TASK DIRECTIONS: Please count the lines in the entries below that include the word "auto", and give only the number.

PROVIDED ENTRIES:
lemma two_dim_solution:
  assumes "n = 2"
  obtains b where "b \<in> {1, -1}" "P = mat_of_rows_list 2 [[0, b], [- b, 0]]"
    "K = mat_of_rows_list 2 [[0, - b * \<alpha>], [b * \<alpha>, 0]]"
proof
  have row0: "(P $$ (0,0))\<^sup>2 + (P $$ (0,1))\<^sup>2 = 1"
    using orthogonal_real_mat_row_norm[OF P_orthogonal P_carrier, of 0] assms
    by (simp add: numeral_2_eq_2)
  have cols: "(P $$ (0,0))\<^sup>2 + (P $$ (1,0))\<^sup>2 = 1" "(P $$ (0,1))\<^sup>2 + (P $$ (1,1))\<^sup>2 = 1"
    using orthogonal_real_mat_col_norm[OF P_orthogonal P_carrier] assms
    by (simp_all add: numeral_2_eq_2)
  have "(d 1 * P $$ (1,0) - d 0 * P $$ (0,1))\<^sup>2
      = (d 0 + d 1) * (d 0 * (P $$ (0,0))\<^sup>2 + d 1 * (P $$ (1,0))\<^sup>2 + d 0)"
    using row_identity[of 0] assms by (simp add: numeral_2_eq_2)
  moreover have "d 0 > 0" "d 1 > 0"
    using d_pos assms by auto
  ultimately have P_entries: "P $$ (0,0) = 0" "P $$ (1,1) = 0" "P $$ (1,0) = - P $$ (0,1)"
    using row0 cols antidiagonal_of_row_identity_2[of "d 0" "d 1"] by auto
  define b where "b = P $$ (0,1)"
  show "b \<in> {1, -1}"
    using row0 P_entries by (simp add: b_def power2_eq_1_iff)
  show "P = mat_of_rows_list 2 [[0, b], [- b, 0]]"
    using P_carrier assms P_entries by (intro eq_mat_of_rows_list_2I) (simp_all add: b_def)
  have "\<alpha> \<noteq> 0"
    using alpha_sq \<open>d 0 > 0\<close> \<open>d 1 > 0\<close> assms by (auto simp: numeral_2_eq_2)
  have sum_d: "d 0 + d 1 = \<alpha> * \<alpha>"
    using alpha_sq assms by (simp add: numeral_2_eq_2 power2_eq_square)
  have "\<alpha> * K $$ (0,1) = - b * (d 0 + d 1)" "\<alpha> * K $$ (1,0) = b * (d 0 + d 1)"
    using alpha_K_index[of 0 1] alpha_K_index[of 1 0] assms P_entries
    by (simp_all add: b_def algebra_simps)
  then have "\<alpha> * K $$ (0,1) = \<alpha> * (- b * \<alpha>)" "\<alpha> * K $$ (1,0) = \<alpha> * (b * \<alpha>)"
    unfolding sum_d by (simp_all add: mult_ac)
  then have "K $$ (0,1) = - b * \<alpha>" "K $$ (1,0) = b * \<alpha>"
    using \<open>\<alpha> \<noteq> 0\<close> mult_left_cancel by blast+
  moreover have "\<alpha> * K $$ (0,0) = 0" "\<alpha> * K $$ (1,1) = 0"
    using alpha_K_index[of 0 0] alpha_K_index[of 1 1] assms by simp_all
  ultimately show "K = mat_of_rows_list 2 [[0, - b * \<alpha>], [b * \<alpha>, 0]]"
    using K_carrier assms \<open>\<alpha> \<noteq> 0\<close> by (intro eq_mat_of_rows_list_2I) simp_all
qed
lemma alt_poly_insert_greater_rec:
  assumes "finite V" "\<forall>x\<in>V. x < M" "card V = Suc n"
  shows "alt_poly 1 (insert M V) = [:2:] * alt_poly 1 V
           + [:1, 0, 1:] * (of_nat n * alt_poly 1 V - [:0, 1:] * pderiv (alt_poly 1 V))"
proof -
  let ?X = "alt_poly 1 (insert M V)" and ?R = "alt_poly 1 V"
  let ?a = "ascent_factor 1" and ?b = "ascent_factor (-1)" and ?T = "alt_poly_cut 1 V"
  have plus: "?X = [:1, 1:] * ?R + ?a (Suc n) * ?R + (\<Sum>k=1..n. ?a k ^ 2 * ?T k)"
    using alt_poly_insert_greater[OF assms, of 1] alt_poly_uminus[OF assms(1), of 1] by simp
  have minus: "?X = [:1, -1:] * ?R + ?b (Suc n) * ?R + (\<Sum>k=1..n. ?b k ^ 2 * ?T k)"
    using alt_poly_insert_greater[OF assms, of "-1"] alt_poly_uminus[OF assms(1), of 1]
      alt_poly_uminus[of "insert M V" 1] alt_poly_cut_uminus[OF assms(1), of 1] assms(1) by simp
  have "?X + ?X = ([:1, 1:] * ?R + ?a (Suc n) * ?R + (\<Sum>k=1..n. ?a k ^ 2 * ?T k))
      + ([:1, -1:] * ?R + ?b (Suc n) * ?R + (\<Sum>k=1..n. ?b k ^ 2 * ?T k))"
    using plus minus by (rule arg_cong2[where f = "(+)"])
  also have "\<dots> = ([:1, 1:] + [:1, -1:]) * ?R + (?a (Suc n) + ?b (Suc n)) * ?R
      + (\<Sum>k=1..n. (?a k ^ 2 + ?b k ^ 2) * ?T k)"
    by (simp only: distrib_right sum.distrib add_ac)
  text \<open>Averaging over \<open>c = \<plusminus>1\<close> removes the dependence on parities.\<close>
  also have "\<dots> = smult 2 ([:2:] * ?R + [:1, 0, 1:] * (\<Sum>k=1..n. ?T k))"
  proof -
    have "?a j + ?b j = [:2:]" "?a j ^ 2 + ?b j ^ 2 = smult 2 [:1, 0, 1:]" for j
      by (simp_all add: ascent_factor_def power2_eq_square)
    then show ?thesis
      by (simp add: smult_add_right sum_distrib_left smult_sum_right two_times_poly)
  qed
  finally have "smult 2 ?X = smult 2 ([:2:] * ?R + [:1, 0, 1:] * (\<Sum>k=1..n. ?T k))"
    by (simp only: mult_2[symmetric] two_times_poly)
  then have "?X = [:2:] * ?R + [:1, 0, 1:] * (\<Sum>k=1..n. ?T k)" by (rule smult_cancel[rotated]) simp
  then show ?thesis using sum_alt_poly_cut[OF assms(3)] by simp
qed


section \<open>The derivative polynomials\<close>

lemma coeff_one_plus_x_squared_mult:
  fixes p :: "'a::comm_semiring_1 poly"
  shows "coeff ([:1, 0, 1:] * p) j = coeff p j + (if 2 \<le> j then coeff p (j - 2) else 0)"
  by (cases j; cases "j - 1") (auto simp: coeff_pCons)

lemma pcoeff_Suc:
  "pcoeff (Suc n) j = of_nat (Suc j) * pcoeff n (Suc j)
     + (if 2 \<le> j then of_nat (j - 1) * pcoeff n (j - 1) else 0)"
proof -
  have "pcoeff (Suc n) j = coeff (pderiv (derivPoly n)) j
      + (if 2 \<le> j then coeff (pderiv (derivPoly n)) (j - 2) else 0)"
    by (simp only: pcoeff_def derivPoly.simps coeff_one_plus_x_squared_mult)
  moreover have "2 \<le> j \<Longrightarrow> Suc (j - 2) = j - 1" by simp
  ultimately show ?thesis by (simp add: coeff_pderiv pcoeff_def)
qed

SOLUTION TO THIS EXERCISE: 4